Now, seven months later, after losing Crimea to Russia and in the midst of a deadly conflict with pro-Moscow separatists in eastern Ukraine, the country’s new, Western-leaning President Petro Poroshenko has put a final signature on the deal.
Proponents say that in the long term, the deal will set Ukraine on a course for much needed economic and institutional reforms. But those potential long-term benefits will extract a more immediate, heavy cost from the former Soviet republic of 46 million people.
The deal is likely to provoke more tensions, both political and economic, with neighboring Russia, which Kiev accuses of trying to destabilize Ukraine in order to steer it away from Europe’s orbit.
“By signing this, Ukraine will make a clear statement that the country is Westernized and not oriented to Russia and the Customs Union,” says Timothy Ash, the head of emerging market research at Standard Bank in London.
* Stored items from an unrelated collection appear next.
(* Let $\mu\in P_2(\mathbb{R}^d)$ be a probabilistic frame which is not tight, and let $\delta:=\lambda_d(\mu)-\lambda_1(\mu)>0$. Then for every tight probabilistic frame $\nu\in P_2(\mathbb{R}^d)$, $$W_2(\mu,\nu)\ge\frac{\delta}{4\,(M_2(\mu)+M_2(\nu))}.$$
   Context: For $p\ge1$, $P_p(\mathbb{R}^d)$ denotes the set of Borel probability measures $\mu$ on $\mathbb{R}^d$ with $M_p^p(\mu):=\int\|x\|^p\,d\mu(x)<\infty$, equipped with the $p$-Wasserstein distance $W_p(\mu,\nu)=\big(\inf_{\gamma\in\Gamma(\mu,\nu)}\iint\|x-y\|^p\,d\gamma(x,y)\big)^{1/p}$, where $\Gamma(\mu,\nu)$ is the set of couplings of $\mu$ and $\nu$. A probability measure $\mu$ on $\mathbb{R}^d$ is a probabilistic frame if there exist $0<A\le B<\infty$ with $A\|x\|^2\le\int\langle x,y\rangle^2\,d\mu(y)\le B\|x\|^2$ for all $x$; it is tight if this holds with $A=B$. For $\mu\in P_2(\mathbb{R}^d)$, $S_\mu=\int yy^\top d\mu(y)$ is the frame operator and $\lambda_1(\mu)\le\dots\le\lambda_d(\mu)$ denote its eigenvalues. *)

theory Defs
  imports "HOL-Probability.Probability"
begin

text \<open>Probability measures on R^d (d = CARD('n)) with finite second moment.\<close>
definition P2 :: "(real^'n) measure \<Rightarrow> bool" where
  "P2 \<mu> \<longleftrightarrow> prob_space \<mu> \<and> sets \<mu> = sets borel \<and> integrable \<mu> (\<lambda>x. norm x ^ 2)"

definition M2 :: "(real^'n) measure \<Rightarrow> real" where
  "M2 \<mu> = sqrt (\<integral>x. norm x ^ 2 \<partial>\<mu>)"

definition coupling :: "((real^'n) \<times> (real^'n)) measure \<Rightarrow> (real^'n) measure \<Rightarrow> (real^'n) measure \<Rightarrow> bool" where
  "coupling \<gamma> \<mu> \<nu> \<longleftrightarrow> prob_space \<gamma> \<and> sets \<gamma> = sets borel \<and>
      distr \<gamma> borel fst = \<mu> \<and> distr \<gamma> borel snd = \<nu>"

definition W2 :: "(real^'n) measure \<Rightarrow> (real^'n) measure \<Rightarrow> real" where
  "W2 \<mu> \<nu> = sqrt (Inf {(\<integral>p. norm (fst p - snd p) ^ 2 \<partial>\<gamma>) | \<gamma>. coupling \<gamma> \<mu> \<nu>})"

definition prob_frame :: "(real^'n) measure \<Rightarrow> bool" where
  "prob_frame \<mu> \<longleftrightarrow> (\<exists>A B. 0 < A \<and> A \<le> B \<and>
      (\<forall>x. A * norm x ^ 2 \<le> (\<integral>y. (x \<bullet> y) ^ 2 \<partial>\<mu>) \<and> (\<integral>y. (x \<bullet> y) ^ 2 \<partial>\<mu>) \<le> B * norm x ^ 2))"

definition tight_prob_frame :: "(real^'n) measure \<Rightarrow> bool" where
  "tight_prob_frame \<mu> \<longleftrightarrow> (\<exists>A. 0 < A \<and> (\<forall>x. (\<integral>y. (x \<bullet> y) ^ 2 \<partial>\<mu>) = A * norm x ^ 2))"

definition frame_op :: "(real^'n) measure \<Rightarrow> real^'n^'n" where
  "frame_op \<mu> = (\<chi> i j. \<integral>y. y $ i * y $ j \<partial>\<mu>)"

definition eigenvalues :: "real^'n^'n \<Rightarrow> real set" where
  "eigenvalues S = {l. \<exists>v. v \<noteq> 0 \<and> S *v v = l *\<^sub>R v}"

definition lambda_min :: "(real^'n) measure \<Rightarrow> real" where
  "lambda_min \<mu> = Min (eigenvalues (frame_op \<mu>))"

definition lambda_max :: "(real^'n) measure \<Rightarrow> real" where
  "lambda_max \<mu> = Max (eigenvalues (frame_op \<mu>))"

end

theory Submission
  imports Defs
begin

text \<open>
  If \<open>v\<close> is an eigenvector of \<open>S\<^sub>\<mu>\<close> with eigenvalue \<open>l\<close>, then \<open>l \<parallel>v\<parallel>\<^sup>2 = \<integral>\<langle>v,x\<rangle>\<^sup>2 d\<mu>\<close>,
  while tightness of \<open>\<nu>\<close> with bound \<open>A\<close> gives \<open>A \<parallel>v\<parallel>\<^sup>2 = \<integral>\<langle>v,y\<rangle>\<^sup>2 d\<nu>\<close>. Along any
  coupling \<open>\<gamma>\<close> the difference of the two integrals is \<open>\<integral>\<langle>v,x-y\<rangle>\<langle>v,x+y\<rangle> d\<gamma>\<close>, which
  Cauchy--Schwarz and Minkowski bound by \<open>\<parallel>v\<parallel>\<^sup>2 (\<integral>\<parallel>x-y\<parallel>\<^sup>2 d\<gamma>)\<^sup>1\<^sup>/\<^sup>2 (M\<^sub>2(\<mu>) + M\<^sub>2(\<nu>))\<close>.
  So every eigenvalue of \<open>S\<^sub>\<mu>\<close> lies within \<open>W\<^sub>2(\<mu>,\<nu>) (M\<^sub>2(\<mu>) + M\<^sub>2(\<nu>))\<close> of \<open>A\<close>, whence
  \<open>\<lambda>\<^sub>d(\<mu>) - \<lambda>\<^sub>1(\<mu>) \<le> 2 W\<^sub>2(\<mu>,\<nu>) (M\<^sub>2(\<mu>) + M\<^sub>2(\<nu>))\<close>.
\<close>

lemma integral_abs_mult_le_sqrt:
  fixes f g :: "'a \<Rightarrow> real"
  assumes [measurable]: "f \<in> borel_measurable M" "g \<in> borel_measurable M"
    and f2: "integrable M (\<lambda>x. f x ^ 2)" and g2: "integrable M (\<lambda>x. g x ^ 2)"
  shows "integrable M (\<lambda>x. f x * g x)"
    and "(\<integral>x. \<bar>f x * g x\<bar> \<partial>M) \<le> sqrt (\<integral>x. f x ^ 2 \<partial>M) * sqrt (\<integral>x. g x ^ 2 \<partial>M)"
proof -
  have amgm: "\<bar>f x * g x\<bar> \<le> f x ^ 2 + g x ^ 2" for x
  proof -
    have "2 * (\<bar>f x\<bar> * \<bar>g x\<bar>) \<le> f x ^ 2 + g x ^ 2"
      using sum_squares_bound[of "\<bar>f x\<bar>" "\<bar>g x\<bar>"] by (simp add: mult.assoc)
    moreover have "0 \<le> \<bar>f x\<bar> * \<bar>g x\<bar>" by simp
    ultimately show ?thesis unfolding abs_mult by linarith
  qed
  show int: "integrable M (\<lambda>x. f x * g x)"
  proof (rule Bochner_Integration.integrable_bound[OF Bochner_Integration.integrable_add[OF f2 g2]])
    show "AE x in M. norm (f x * g x) \<le> norm (f x ^ 2 + g x ^ 2)"
      using amgm by (intro AE_I2) simp
  qed measurable
  have nn: "(\<integral>\<^sup>+x. ennreal (h x) \<partial>M) = ennreal (\<integral>x. h x \<partial>M)"
    if "integrable M h" "\<And>x. h x \<ge> 0" for h
    using that by (intro nn_integral_eq_integral) auto
  have F: "(\<integral>\<^sup>+x. ennreal \<bar>f x\<bar> ^ 2 \<partial>M) = ennreal (\<integral>x. f x ^ 2 \<partial>M)"
   and G: "(\<integral>\<^sup>+x. ennreal \<bar>g x\<bar> ^ 2 \<partial>M) = ennreal (\<integral>x. g x ^ 2 \<partial>M)"
    using nn[OF f2] nn[OF g2] by (simp_all add: ennreal_power)
  have "(\<integral>\<^sup>+x. ennreal \<bar>f x\<bar> * ennreal \<bar>g x\<bar> \<partial>M) = (\<integral>\<^sup>+x. ennreal \<bar>f x * g x\<bar> \<partial>M)"
    by (simp add: abs_mult ennreal_mult)
  also have "\<dots> = ennreal (\<integral>x. \<bar>f x * g x\<bar> \<partial>M)"
    using int by (intro nn) auto
  finally have FG: "(\<integral>\<^sup>+x. ennreal \<bar>f x\<bar> * ennreal \<bar>g x\<bar> \<partial>M) = ennreal (\<integral>x. \<bar>f x * g x\<bar> \<partial>M)" .
  have "(\<integral>\<^sup>+x. ennreal \<bar>f x\<bar> * ennreal \<bar>g x\<bar> \<partial>M)\<^sup>2
        \<le> (\<integral>\<^sup>+x. ennreal \<bar>f x\<bar> ^ 2 \<partial>M) * (\<integral>\<^sup>+x. ennreal \<bar>g x\<bar> ^ 2 \<partial>M)"
    by (rule Cauchy_Schwarz_nn_integral) auto
  hence "ennreal ((\<integral>x. \<bar>f x * g x\<bar> \<partial>M)\<^sup>2) \<le> ennreal ((\<integral>x. f x ^ 2 \<partial>M) * (\<integral>x. g x ^ 2 \<partial>M))"
    unfolding FG F G by (simp add: ennreal_power ennreal_mult)
  hence "(\<integral>x. \<bar>f x * g x\<bar> \<partial>M)\<^sup>2 \<le> (\<integral>x. f x ^ 2 \<partial>M) * (\<integral>x. g x ^ 2 \<partial>M)"
    by simp
  thus "(\<integral>x. \<bar>f x * g x\<bar> \<partial>M) \<le> sqrt (\<integral>x. f x ^ 2 \<partial>M) * sqrt (\<integral>x. g x ^ 2 \<partial>M)"
    by (metis real_le_rsqrt real_sqrt_mult)
qed

lemma sqrt_integral_norm_add_square_le:
  fixes f g :: "'a \<Rightarrow> 'b::{real_normed_vector, second_countable_topology}"
  assumes [measurable]: "f \<in> borel_measurable M" "g \<in> borel_measurable M"
    and f2: "integrable M (\<lambda>x. norm (f x) ^ 2)" and g2: "integrable M (\<lambda>x. norm (g x) ^ 2)"
  shows "integrable M (\<lambda>x. norm (f x + g x) ^ 2)"
    and "sqrt (\<integral>x. norm (f x + g x) ^ 2 \<partial>M)
         \<le> sqrt (\<integral>x. norm (f x) ^ 2 \<partial>M) + sqrt (\<integral>x. norm (g x) ^ 2 \<partial>M)"
proof -
  define a where "a = (\<integral>x. norm (f x) ^ 2 \<partial>M)"
  define b where "b = (\<integral>x. norm (g x) ^ 2 \<partial>M)"
  define h where "h x = norm (f x) ^ 2 + 2 * (norm (f x) * norm (g x)) + norm (g x) ^ 2" for x
  note cs = integral_abs_mult_le_sqrt[of "\<lambda>x. norm (f x)" M "\<lambda>x. norm (g x)", OF _ _ f2 g2]
  have ih: "integrable M h"
    unfolding h_def using f2 g2 cs(1) by auto
  have pw: "norm (f x + g x) ^ 2 \<le> h x" for x
  proof -
    have "norm (f x + g x) ^ 2 \<le> (norm (f x) + norm (g x)) ^ 2"
      by (rule power_mono[OF norm_triangle_ineq norm_ge_zero])
    thus ?thesis by (simp add: h_def power2_sum)
  qed
  show int: "integrable M (\<lambda>x. norm (f x + g x) ^ 2)"
  proof (rule Bochner_Integration.integrable_bound[OF ih])
    show "AE x in M. norm (norm (f x + g x) ^ 2) \<le> norm (h x)"
      using pw by (auto intro: order_trans[OF _ abs_ge_self])
  qed simp
  have "(\<integral>x. norm (f x + g x) ^ 2 \<partial>M) \<le> (\<integral>x. h x \<partial>M)"
    by (rule integral_mono[OF int ih pw])
  also have "\<dots> = a + 2 * (\<integral>x. \<bar>norm (f x) * norm (g x)\<bar> \<partial>M) + b"
    using f2 g2 cs(1) by (simp add: h_def a_def b_def)
  also have "\<dots> \<le> a + 2 * (sqrt a * sqrt b) + b"
    using cs(2) by (simp add: a_def b_def)
  also have "\<dots> = (sqrt a + sqrt b)\<^sup>2"
    by (simp add: a_def b_def power2_sum)
  finally have "sqrt (\<integral>x. norm (f x + g x) ^ 2 \<partial>M) \<le> sqrt a + sqrt b"
    by (intro real_le_lsqrt) (auto simp: a_def b_def)
  thus "sqrt (\<integral>x. norm (f x + g x) ^ 2 \<partial>M)
        \<le> sqrt (\<integral>x. norm (f x) ^ 2 \<partial>M) + sqrt (\<integral>x. norm (g x) ^ 2 \<partial>M)"
    by (simp only: a_def b_def)
qed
Under the agreement, Ukraine and the EU will eliminate nearly all of their import and export tariffs, potentially making it easier for Ukrainian producers to reach deeper into the EU market. This will be significant for Ukraine; already, one quarter of all its exports go to Europe.
The European Commission in a statement said that "the deal is expected to boost Ukraine's income by around 1.2 billion euros [$1.6 billion] per year," behind an increase of 1 billion euros per year in Ukrainian exports to the EU.
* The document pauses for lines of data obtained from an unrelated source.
theorem lemma5:
  fixes m k n r :: nat
    and Q A C y :: "nat \<Rightarrow> nat \<Rightarrow> int"
    and b d x0 :: "nat \<Rightarrow> int"
  assumes Q_sym: "\<forall>i<n. \<forall>j<n. Q i j = Q j i"
    and C_indep: "lin_indep_rows k n C"
    and Y_basis: "null_basis k n C r y"
    and Y_bound: "\<forall>i<r. \<forall>l<n. \<bar>y i l\<bar> \<le> (Delta k n C)\<^sup>2"
    and has_opt: "\<exists>x. optimal m k n Q A b C d x"
    and x0: "\<forall>j<k. mv n C x0 j = d j"
  shows "\<exists>xs. optimal m k n Q A b C d xs \<and>
    ((\<exists>j<m. \<exists>b'. b j - alpha m n Q A * int n * (Delta k n C)\<^sup>2 \<le> b' \<and> b' \<le> b j \<and>
              mv n A xs j = b' \<and> \<not> in_row_span k n C (\<lambda>l. of_int (A j l))) \<or>
     (\<exists>i<r. \<not> in_row_span k n C (\<lambda>l. of_int (\<Sum>t<n. y i t * Q t l)) \<and>
              (\<exists>z. - (int n ^ 2 * (Delta k n C) ^ 4 * alpha m n Q A) \<le> z \<and>
                   z \<le> int n ^ 2 * (Delta k n C) ^ 4 * alpha m n Q A \<and>
                   2 * (\<Sum>t<n. \<Sum>l<n. y i t * Q t l * xs l) = z)) \<or>
     (\<Sum>l<n. \<bar>xs l - x0 l\<bar>) \<le> (Delta k n C)\<^sup>2 * int n)"
    (is "\<exists>xs. _ \<and> (?tight xs \<or> ?steep xs \<or> _)")
proof -
  define B where "B = alpha m n Q A * int n * (Delta k n C)\<^sup>2"
  obtain x1 where opt: "optimal m k n Q A b C d x1" using has_opt by blast
  then have x1: "feasible m k n A b C d x1" unfolding optimal_def by simp
  have A_y: "\<bar>mv n A (y i) j\<bar> \<le> B" if "i < r" "j < m" for i j
    unfolding B_def using abs_mv_le_alpha Y_bound that by blast
  have quad_y: "quad n Q (y i) \<le> int n ^ 2 * (Delta k n C) ^ 4 * alpha m n Q A" if "i < r" for i
  proof -
    have "\<bar>quad n Q (y i)\<bar> \<le> int n ^ 2 * ((Delta k n C)\<^sup>2)\<^sup>2 * alpha m n Q A"
      using abs_quad_le_alpha Y_bound that by blast
    then show ?thesis by (simp add: power_mult[symmetric])
  qed
  show ?thesis
  proof (cases "?tight x1 \<or> ?steep x1")
    case True
    with opt show ?thesis by blast
  next
    case False
    have slack: "mv n A x1 j + B < b j"
      if "j < m" "\<not> in_row_span k n C (\<lambda>l. of_int (A j l))" for j
      using False x1 that unfolding B_def feasible_def by force
    have moves: "feasible m k n A b C d (\<lambda>l. x1 l + y i l) \<and>
        feasible m k n A b C d (\<lambda>l. x1 l - y i l)" if "i < r" for i
    proof -
      have "mv n A x1 j + \<bar>mv n A (y i) j\<bar> \<le> b j"
        if "j < m" "\<not> in_row_span k n C (\<lambda>l. of_int (A j l))" for j
        using slack[OF that] A_y[OF \<open>i < r\<close> \<open>j < m\<close>] by linarith
      then show ?thesis
        using feasible_add_diff_kernel_vector[OF x1 null_basis_kernel[OF Y_basis that]] by blast
    qed
    have "in_row_span k n C (\<lambda>l. of_int (\<Sum>t<n. y i t * Q t l))" if "i < r" for i
      using False optimal_abs_bilin_le_quad[OF Q_sym opt moves[OF that]] quad_y[OF that] that
      unfolding bilin_def by force
    then have all_optimal: "optimal m k n Q A b C d x" if "feasible m k n A b C d x" for x
      using feasible_imp_optimal_if_flat[OF Q_sym Y_basis _ opt moves that] by blast
    show ?thesis
    proof (cases "feasible m k n A b C d x0")
      case True
      then show ?thesis using all_optimal by fastforce
    next
      case False
      then obtain xs j where "feasible m k n A b C d xs" "j < m" "b j - B \<le> mv n A xs j"
          "mv n A xs j \<le> b j" "\<not> in_row_span k n C (\<lambda>l. of_int (A j l))"
        using feasible_point_near_facet[OF Y_basis A_y x1 x0] by blast
      then show ?thesis using all_optimal unfolding B_def by blast
    qed
  qed
qed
The new markets won’t materialize instantly. The agreement includes thousands of regulations and standards that Ukrainian products will have to meet before they can be sold in the EU market – making the trade agreement "much more complicated ... in the short-term," says Jaba Devdariani, EASI-Hurford Next Generation Fellow at the Carnegie Endowment for International Peace.
Many of the necessary reforms and modernization requirements will be costly. Investment will be key to reviving Ukraine’s staggering economy, which even before the political crisis was looking at negative growth and possible default.
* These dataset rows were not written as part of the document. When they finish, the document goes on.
lemma continuous_on_f: "continuous_on {-1..1} f"
proof -
  obtain a b where ab: "\<forall>x \<in> {-1 .. -1 + 100 * \<delta>\<^sup>2}. f x = a * x + b"
    using affine_left by blast
  obtain a' b' where ab': "\<forall>x \<in> {1 - 100 * \<delta>\<^sup>2 .. 1}. f x = a' * x + b'"
    using affine_right by blast
  have "continuous_on {-1 .. -1 + 100 * \<delta>\<^sup>2} f"
    by (rule continuous_on_eq[of _ "\<lambda>x. a * x + b"]) (auto intro: continuous_intros simp: ab)
  moreover have "continuous_on {1 - 100 * \<delta>\<^sup>2 .. 1} f"
    by (rule continuous_on_eq[of _ "\<lambda>x. a' * x + b'"]) (auto intro: continuous_intros simp: ab')
  moreover have "continuous_on middle f"
    using middle_subset_open by (intro continuous_on_subset[OF convex_on_continuous[OF _ convex]]) auto
  ultimately have "continuous_on ({-1 .. -1 + 100 * \<delta>\<^sup>2} \<union> middle \<union> {1 - 100 * \<delta>\<^sup>2 .. 1}) f"
    by (metis closed_Un closed_atLeastAtMost continuous_on_closed_Un)
  moreover have "{-1..1} \<subseteq> {-1 .. -1 + 100 * \<delta>\<^sup>2} \<union> middle \<union> {1 - 100 * \<delta>\<^sup>2 .. 1}"
  proof
    fix x :: real assume "x \<in> {-1..1}"
    moreover have "0 \<le> \<delta>\<^sup>2" by simp
    ultimately show "x \<in> {-1 .. -1 + 100 * \<delta>\<^sup>2} \<union> middle \<union> {1 - 100 * \<delta>\<^sup>2 .. 1}"
      unfolding Un_iff atLeastAtMost_iff by linarith
  qed
  ultimately show ?thesis
    by (rule continuous_on_subset)
qed

lemma D_measurable [measurable]: "D \<in> borel_measurable borel"
  unfolding D_def[abs_def] by (rule Delta2_phi_measurable[OF continuous_on_f])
Perhaps most significantly, Ukraine’s agreement with the EU will force it to create institutional reforms to improve the climate for businesses and potential investors. This will include establishing transparent government procurement procedures, and reducing Ukraine’s crippling and omnipresent corruption. Judicial reform will be tantamount to Ukraine’s ability to ensure potential investors that their assets will be safe.
“The process here is the most important part of the deal,” Mr. Ash of Standard Bank says. “Ukraine has the opportunity and has shown its willingness to get rid of its Soviet past, which they never were able to do before.”
Retaliation from Russia?
But by signing the deal, Ukraine can expect to see retaliation from Russia, a long-time key trading partner. Russian President Vladimir Putin had pressured Ukraine to become a member of its nascent Eurasia Union, which rejoins former Soviet partners Russia, Belarus, and Kazakhstan.
In fact, Ukraine has already felt Russia's economic wroth amid its crisis: Russia threw up barriers after opposition leaders gained control of Ukraine’s parliament when former President Victor Yanukovych, who rejected the EU deal in November, absconded in late February. And just two days ago, Russia said it was considering more trade barriers on Ukraine.
During the first quarter of 2014, Ukraine’s overall exports decreased by 30 percent, a hugely significant reduction for a country in which 50 percent of its gross domestic product is made up of exports, says Oleg Ustenko, the executive director of The Bleyzer Foundation in Kiev.
Still, any new Russian-imposed barriers to Ukraine’s exports might have little effect today, Mr. Ustenko says. “What they have already been able to impose, they have. So we are already losing.”
But if Mr. Poroshenko’s commitment to joining his country with Europe is sincere, Ash says, the losses in trade with Russia could translate into new markets opening up for Ukrainian products meeting EU standards.
Ambivalence in Western Europe?
While the hard work of adopting difficult and expensive reforms will be left up to Ukraine’s new government to adopt – and the population to grin and bear – the former Soviet nation will need to attract European investors.
Russia’s annexation of Crimea in March and the unrest that followed in eastern Ukraine gave rise to the most unsettling East-West standoff since the Cold War. Suddenly, Ukraine emerged as a much bigger priority for the EU overall.
Before that time, many Europeans felt ambivalent about the Ukrainian deal, which will be signed Friday along with similar agreements with two other countries that Russia considers to be part of its “sphere of influence,” Georgia and Moldova.
While some EU nations, led by Poland, argued for the bloc to form closer alliances with Ukraine and post-Soviet nations, the bigger countries in Western Europe were skeptical. The prospect of Russia's reaction, as well as EU enlargement fatigue confounded by the European debt crisis, all played a role.
The bloc has disagreed over sanctions for Russia, on which it is heavily dependent for gas. But now the importance of a trade and association deal is largely considered a necessary step to make sure "Ukrainians do not waste another revolution," says Jan Techau, the director of Carnegie Europe in Brussels.
The best way Europe can counter Russia is not via sanctions or NATO, but by building a stable Ukraine, with rule of law and a healthy economy not run exclusively by oligarchs, he says.